** What is being asked **
Please reproduce the entries that follow, keeping each word intact.

** Records for the task **
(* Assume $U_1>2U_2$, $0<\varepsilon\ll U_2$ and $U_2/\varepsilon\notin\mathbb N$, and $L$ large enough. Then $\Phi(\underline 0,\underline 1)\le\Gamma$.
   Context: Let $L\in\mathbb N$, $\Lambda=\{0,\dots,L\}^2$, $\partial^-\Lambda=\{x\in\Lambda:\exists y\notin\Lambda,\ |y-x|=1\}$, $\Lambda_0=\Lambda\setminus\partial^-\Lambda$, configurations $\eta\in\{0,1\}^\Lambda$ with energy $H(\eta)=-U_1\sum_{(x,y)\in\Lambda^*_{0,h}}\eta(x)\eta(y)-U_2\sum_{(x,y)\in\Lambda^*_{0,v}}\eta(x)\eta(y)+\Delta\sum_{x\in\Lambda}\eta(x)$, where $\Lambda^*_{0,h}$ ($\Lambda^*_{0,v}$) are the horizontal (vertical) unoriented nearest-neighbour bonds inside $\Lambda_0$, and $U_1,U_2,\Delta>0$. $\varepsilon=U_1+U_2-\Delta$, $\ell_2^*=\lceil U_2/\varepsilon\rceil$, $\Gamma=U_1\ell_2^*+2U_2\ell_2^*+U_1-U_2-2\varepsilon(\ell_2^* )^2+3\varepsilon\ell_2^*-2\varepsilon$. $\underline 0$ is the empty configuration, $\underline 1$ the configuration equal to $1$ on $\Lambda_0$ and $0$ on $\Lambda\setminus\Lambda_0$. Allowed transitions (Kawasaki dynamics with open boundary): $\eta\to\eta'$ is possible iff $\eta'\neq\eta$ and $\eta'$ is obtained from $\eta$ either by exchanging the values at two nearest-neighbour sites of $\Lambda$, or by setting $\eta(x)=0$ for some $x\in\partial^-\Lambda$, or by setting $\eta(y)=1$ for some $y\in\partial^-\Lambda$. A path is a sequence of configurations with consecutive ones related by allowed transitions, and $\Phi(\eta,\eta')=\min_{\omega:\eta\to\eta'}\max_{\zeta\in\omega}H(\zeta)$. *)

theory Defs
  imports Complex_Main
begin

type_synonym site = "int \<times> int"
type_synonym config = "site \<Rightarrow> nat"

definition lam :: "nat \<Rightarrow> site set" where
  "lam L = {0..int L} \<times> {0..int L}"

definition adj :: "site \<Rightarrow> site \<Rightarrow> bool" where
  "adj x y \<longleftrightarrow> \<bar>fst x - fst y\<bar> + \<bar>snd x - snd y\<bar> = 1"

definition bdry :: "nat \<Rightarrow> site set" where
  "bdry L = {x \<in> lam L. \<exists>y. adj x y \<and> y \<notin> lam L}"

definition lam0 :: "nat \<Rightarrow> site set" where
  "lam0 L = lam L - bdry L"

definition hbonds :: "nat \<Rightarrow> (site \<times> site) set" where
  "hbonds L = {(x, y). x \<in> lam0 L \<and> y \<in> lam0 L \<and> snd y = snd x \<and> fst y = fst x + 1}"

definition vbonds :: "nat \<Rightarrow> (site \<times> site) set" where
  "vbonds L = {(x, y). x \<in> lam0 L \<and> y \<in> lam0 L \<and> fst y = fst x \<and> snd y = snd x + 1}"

** Problem solution **
(* Assume $U_1>2U_2$, $0<\varepsilon\ll U_2$ and $U_2/\varepsilon\notin\mathbb N$, and $L$ large enough. Then $\Phi(\underline 0,\underline 1)\le\Gamma$.
   Context: Let $L\in\mathbb N$, $\Lambda=\{0,\dots,L\}^2$, $\partial^-\Lambda=\{x\in\Lambda:\exists y\notin\Lambda,\ |y-x|=1\}$, $\Lambda_0=\Lambda\setminus\partial^-\Lambda$, configurations $\eta\in\{0,1\}^\Lambda$ with energy $H(\eta)=-U_1\sum_{(x,y)\in\Lambda^*_{0,h}}\eta(x)\eta(y)-U_2\sum_{(x,y)\in\Lambda^*_{0,v}}\eta(x)\eta(y)+\Delta\sum_{x\in\Lambda}\eta(x)$, where $\Lambda^*_{0,h}$ ($\Lambda^*_{0,v}$) are the horizontal (vertical) unoriented nearest-neighbour bonds inside $\Lambda_0$, and $U_1,U_2,\Delta>0$. $\varepsilon=U_1+U_2-\Delta$, $\ell_2^*=\lceil U_2/\varepsilon\rceil$, $\Gamma=U_1\ell_2^*+2U_2\ell_2^*+U_1-U_2-2\varepsilon(\ell_2^* )^2+3\varepsilon\ell_2^*-2\varepsilon$. $\underline 0$ is the empty configuration, $\underline 1$ the configuration equal to $1$ on $\Lambda_0$ and $0$ on $\Lambda\setminus\Lambda_0$. Allowed transitions (Kawasaki dynamics with open boundary): $\eta\to\eta'$ is possible iff $\eta'\neq\eta$ and $\eta'$ is obtained from $\eta$ either by exchanging the values at two nearest-neighbour sites of $\Lambda$, or by setting $\eta(x)=0$ for some $x\in\partial^-\Lambda$, or by setting $\eta(y)=1$ for some $y\in\partial^-\Lambda$. A path is a sequence of configurations with consecutive ones related by allowed transitions, and $\Phi(\eta,\eta')=\min_{\omega:\eta\to\eta'}\max_{\zeta\in\omega}H(\zeta)$. *)

theory Defs
  imports Complex_Main
begin

type_synonym site = "int \<times> int"
type_synonym config = "site \<Rightarrow> nat"

definition lam :: "nat \<Rightarrow> site set" where
  "lam L = {0..int L} \<times> {0..int L}"

definition adj :: "site \<Rightarrow> site \<Rightarrow> bool" where
  "adj x y \<longleftrightarrow> \<bar>fst x - fst y\<bar> + \<bar>snd x - snd y\<bar> = 1"

definition bdry :: "nat \<Rightarrow> site set" where
  "bdry L = {x \<in> lam L. \<exists>y. adj x y \<and> y \<notin> lam L}"

definition lam0 :: "nat \<Rightarrow> site set" where
  "lam0 L = lam L - bdry L"

definition hbonds :: "nat \<Rightarrow> (site \<times> site) set" where
  "hbonds L = {(x, y). x \<in> lam0 L \<and> y \<in> lam0 L \<and> snd y = snd x \<and> fst y = fst x + 1}"

definition vbonds :: "nat \<Rightarrow> (site \<times> site) set" where
  "vbonds L = {(x, y). x \<in> lam0 L \<and> y \<in> lam0 L \<and> fst y = fst x \<and> snd y = snd x + 1}"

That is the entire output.